Start of Block

(* In the setting of the context (linear turning rate), suppose that at the $n$-th jump the exact and discretized processes coincide: $\tilde T_n=T_n$, $\tilde X_{T_n}=X_{T_n}$, $\tilde V_{T_n}=\mathcal V_n$ and $\tilde Y_{T_n}=Y_{T_n}$ (hence $\tilde Z_{T_n}=Z_{T_n}$). Then there is a constant $C$ independent of $\epsilon$, $\delta t$ and $\theta_{n+1}$ such that $$|T_{n+1}-\tilde T_{n+1}|\le C\epsilon^2\,\delta t\,\theta_{n+1}^2\quad\text{and}\quad |X_{T_{n+1}}-\tilde X_{\tilde T_{n+1}}|\le C\epsilon^3\,\delta t\,\theta_{n+1}^2.$$
   Context: Let $d,n\ge1$, $\epsilon>0$, $\delta t>0$. $S:\mathbb{R}^d\to\mathbb{R}^n$ is smooth and bounded with bounded first and second derivatives, $\nabla S(x)\in\mathbb{R}^{n\times d}$ its Jacobian. $\tau_\epsilon$ is an invertible $n\times n$ matrix, and the rate is linear: $\lambda(z)=\lambda_0-b^Tz$, assumed to satisfy $0<\lambda_{\min}\le\lambda\le\lambda_{\max}$ along the trajectories. Exact process between jumps $T_n$ and $T_{n+1}$: $\frac{\mathrm{d}X_t}{\mathrm{d}t}=\epsilon\mathcal V_n$, $\frac{\mathrm{d}Y_t}{\mathrm{d}t}=-\tau_\epsilon^{-1}(Y_t-S(X_t))$, $Z_t=S(X_t)-Y_t$, and $T_{n+1}$ is defined by $\int_{T_n}^{T_{n+1}}\lambda(Z_t)\mathrm{d}t=\theta_{n+1}$, where $\theta_{n+1}>0$ is given and $\mathcal V_n\in\mathbb{S}^{d-1}$. Discretized process: with $t_{n,k}=\tilde T_n+k\delta t$, $\tilde X_{n,k}=\tilde X_{t_{n,k}}$, $\tilde Z_{n,k}=\tilde Z_{t_{n,k}}$, define for $t\in[t_{n,k},t_{n,k+1}]$: $\tilde X_t=\tilde X_{n,k}+\epsilon\mathcal V_n(t-t_{n,k})$ and $\tilde Z_t=e^{-(t-t_{n,k})\tau_\epsilon^{-1}}\tilde Z_{n,k}+\epsilon\tau_\epsilon(\mathrm{Id}-e^{-(t-t_{n,k})\tau_\epsilon^{-1}})\nabla S(\tilde X_{n,k})\mathcal V_n$; the discrete jump time $\tilde T_{n+1}$ is defined by $\int_{\tilde T_n}^{\tilde T_{n+1}}\lambda(\tilde Z_t)\mathrm{d}t=\theta_{n+1}$. It is further assumed (as throughout the paper) that $\|e^{-t\tau_\epsilon^{-1}}\|$ is bounded uniformly in $t\ge0$ and $\epsilon$. *)

theory Defs
  imports "HOL-Analysis.Analysis"
begin

definition op_pow :: "('a::real_normed_vector \<Rightarrow>\<^sub>L 'a) \<Rightarrow> nat \<Rightarrow> ('a \<Rightarrow>\<^sub>L 'a)" where
  "op_pow A k = ((\<lambda>B. A o\<^sub>L B) ^^ k) id_blinfun"

definition op_exp :: "('a::banach \<Rightarrow>\<^sub>L 'a) \<Rightarrow> ('a \<Rightarrow>\<^sub>L 'a)" where
  "op_exp A = (\<Sum>k. (1 / fact k) *\<^sub>R op_pow A k)"

definition semigrp :: "('a::banach \<Rightarrow>\<^sub>L 'a) \<Rightarrow> real \<Rightarrow> ('a \<Rightarrow>\<^sub>L 'a)" where
  "semigrp tauinv t = op_exp (- (t *\<^sub>R tauinv))"

definition rate :: "real \<Rightarrow> 'n::euclidean_space \<Rightarrow> 'n \<Rightarrow> real" where
  "rate lam0 b z = lam0 - b \<bullet> z"

primrec disc_grid ::
  "('d::euclidean_space \<Rightarrow> ('d \<Rightarrow>\<^sub>L 'n::euclidean_space)) \<Rightarrow> ('n \<Rightarrow>\<^sub>L 'n) \<Rightarrow> ('n \<Rightarrow>\<^sub>L 'n)
   \<Rightarrow> real \<Rightarrow> real \<Rightarrow> 'd \<Rightarrow> 'd \<Rightarrow> 'n \<Rightarrow> nat \<Rightarrow> 'd \<times> 'n" where
  "disc_grid DS tau tauinv eps dt V X0 Z0 0 = (X0, Z0)"
| "disc_grid DS tau tauinv eps dt V X0 Z0 (Suc k) =
     (let (x, z) = disc_grid DS tau tauinv eps dt V X0 Z0 k;
          w = blinfun_apply (DS x) V
      in (x + (eps * dt) *\<^sub>R V,
          blinfun_apply (semigrp tauinv dt) z
          + eps *\<^sub>R blinfun_apply tau (w - blinfun_apply (semigrp tauinv dt) w)))"

definition disc_idx :: "real \<Rightarrow> real \<Rightarrow> real \<Rightarrow> nat" where
  "disc_idx dt T0 t = nat \<lfloor>(t - T0) / dt\<rfloor>"

definition disc_X ::
  "('d::euclidean_space \<Rightarrow> ('d \<Rightarrow>\<^sub>L 'n::euclidean_space)) \<Rightarrow> ('n \<Rightarrow>\<^sub>L 'n) \<Rightarrow> ('n \<Rightarrow>\<^sub>L 'n)
   \<Rightarrow> real \<Rightarrow> real \<Rightarrow> 'd \<Rightarrow> real \<Rightarrow> 'd \<Rightarrow> 'n \<Rightarrow> real \<Rightarrow> 'd" where
  "disc_X DS tau tauinv eps dt V T0 X0 Z0 t =
     (let k = disc_idx dt T0 t; tk = T0 + real k * dt;
          (x, z) = disc_grid DS tau tauinv eps dt V X0 Z0 k
      in x + (eps * (t - tk)) *\<^sub>R V)"

definition disc_Z ::
  "('d::euclidean_space \<Rightarrow> ('d \<Rightarrow>\<^sub>L 'n::euclidean_space)) \<Rightarrow> ('n \<Rightarrow>\<^sub>L 'n) \<Rightarrow> ('n \<Rightarrow>\<^sub>L 'n)
   \<Rightarrow> real \<Rightarrow> real \<Rightarrow> 'd \<Rightarrow> real \<Rightarrow> 'd \<Rightarrow> 'n \<Rightarrow> real \<Rightarrow> 'n" where
  "disc_Z DS tau tauinv eps dt V T0 X0 Z0 t =
     (let k = disc_idx dt T0 t; tk = T0 + real k * dt;
          (x, z) = disc_grid DS tau tauinv eps dt V X0 Z0 k;
          w = blinfun_apply (DS x) V
      in blinfun_apply (semigrp tauinv (t - tk)) z
         + eps *\<^sub>R blinfun_apply tau (w - blinfun_apply (semigrp tauinv (t - tk)) w))"

end

theory Submission
  imports Defs
begin

text \<open>
  Between two jumps the rate is \<open>b\<close>-linear in \<open>Z\<close>, so the two jump times are the hitting times of
  the same level \<open>\<theta>\<close> by two integrals whose integrands differ by at most \<open>\<bar>b\<bar>\<close> times the error
  \<open>Z - Z\<^sub>\<delta>\<^sub>t\<close>. Both processes solve \<open>Z' = -\<tau>\<^sup>-\<^sup>1 Z + \<epsilon> \<nabla>S(x) V\<close>, the discrete one with \<open>x\<close> frozen at
  the last grid point, which lags behind \<open>X\<close> by at most \<open>\<epsilon> \<delta>t\<close>. By Duhamel's formula the error at
  time \<open>s\<close> is therefore at most \<open>M L \<epsilon>\<^sup>2 \<delta>t (s - T\<^sub>n)\<close>, with \<open>M\<close> the bound of the semigroup and
  \<open>L\<close> that of \<open>\<nabla>\<^sup>2S\<close>. Since the rate is at least \<open>\<lambda>\<^sub>m\<^sub>i\<^sub>n\<close>, both jumps happen before
  \<open>T\<^sub>n + \<theta>/\<lambda>\<^sub>m\<^sub>i\<^sub>n\<close> and the two hitting times differ by at most
  \<open>\<bar>b\<bar> M L \<epsilon>\<^sup>2 \<delta>t \<theta>\<^sup>2 / \<lambda>\<^sub>m\<^sub>i\<^sub>n\<^sup>3\<close>. Positions move with speed \<open>\<epsilon>\<close> in the same direction, which
  gives the extra factor \<open>\<epsilon>\<close>.
\<close>

section \<open>Bounded linear endomorphisms as a Banach algebra\<close>

text \<open>A copy of \<open>'a \<Rightarrow>\<^sub>L 'a\<close> carrying composition as multiplication, so that the library's
  \<open>exp\<close> on Banach algebras applies and \<open>op_exp\<close> can be identified with it.\<close>

typedef (overloaded) 'a endo = "UNIV :: ('a::real_normed_vector \<Rightarrow>\<^sub>L 'a) set"
  morphisms Rep_endo Abs_endo by simp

End of Block

**BRIEF:** If a line in the entries holds the string "hitting", copy it.

**OUTPUT BELOW:**
  Between two jumps the rate is \<open>b\<close>-linear in \<open>Z\<close>, so the two jump times are the hitting times of
  \<open>T\<^sub>n + \<theta>/\<lambda>\<^sub>m\<^sub>i\<^sub>n\<close> and the two hitting times differ by at most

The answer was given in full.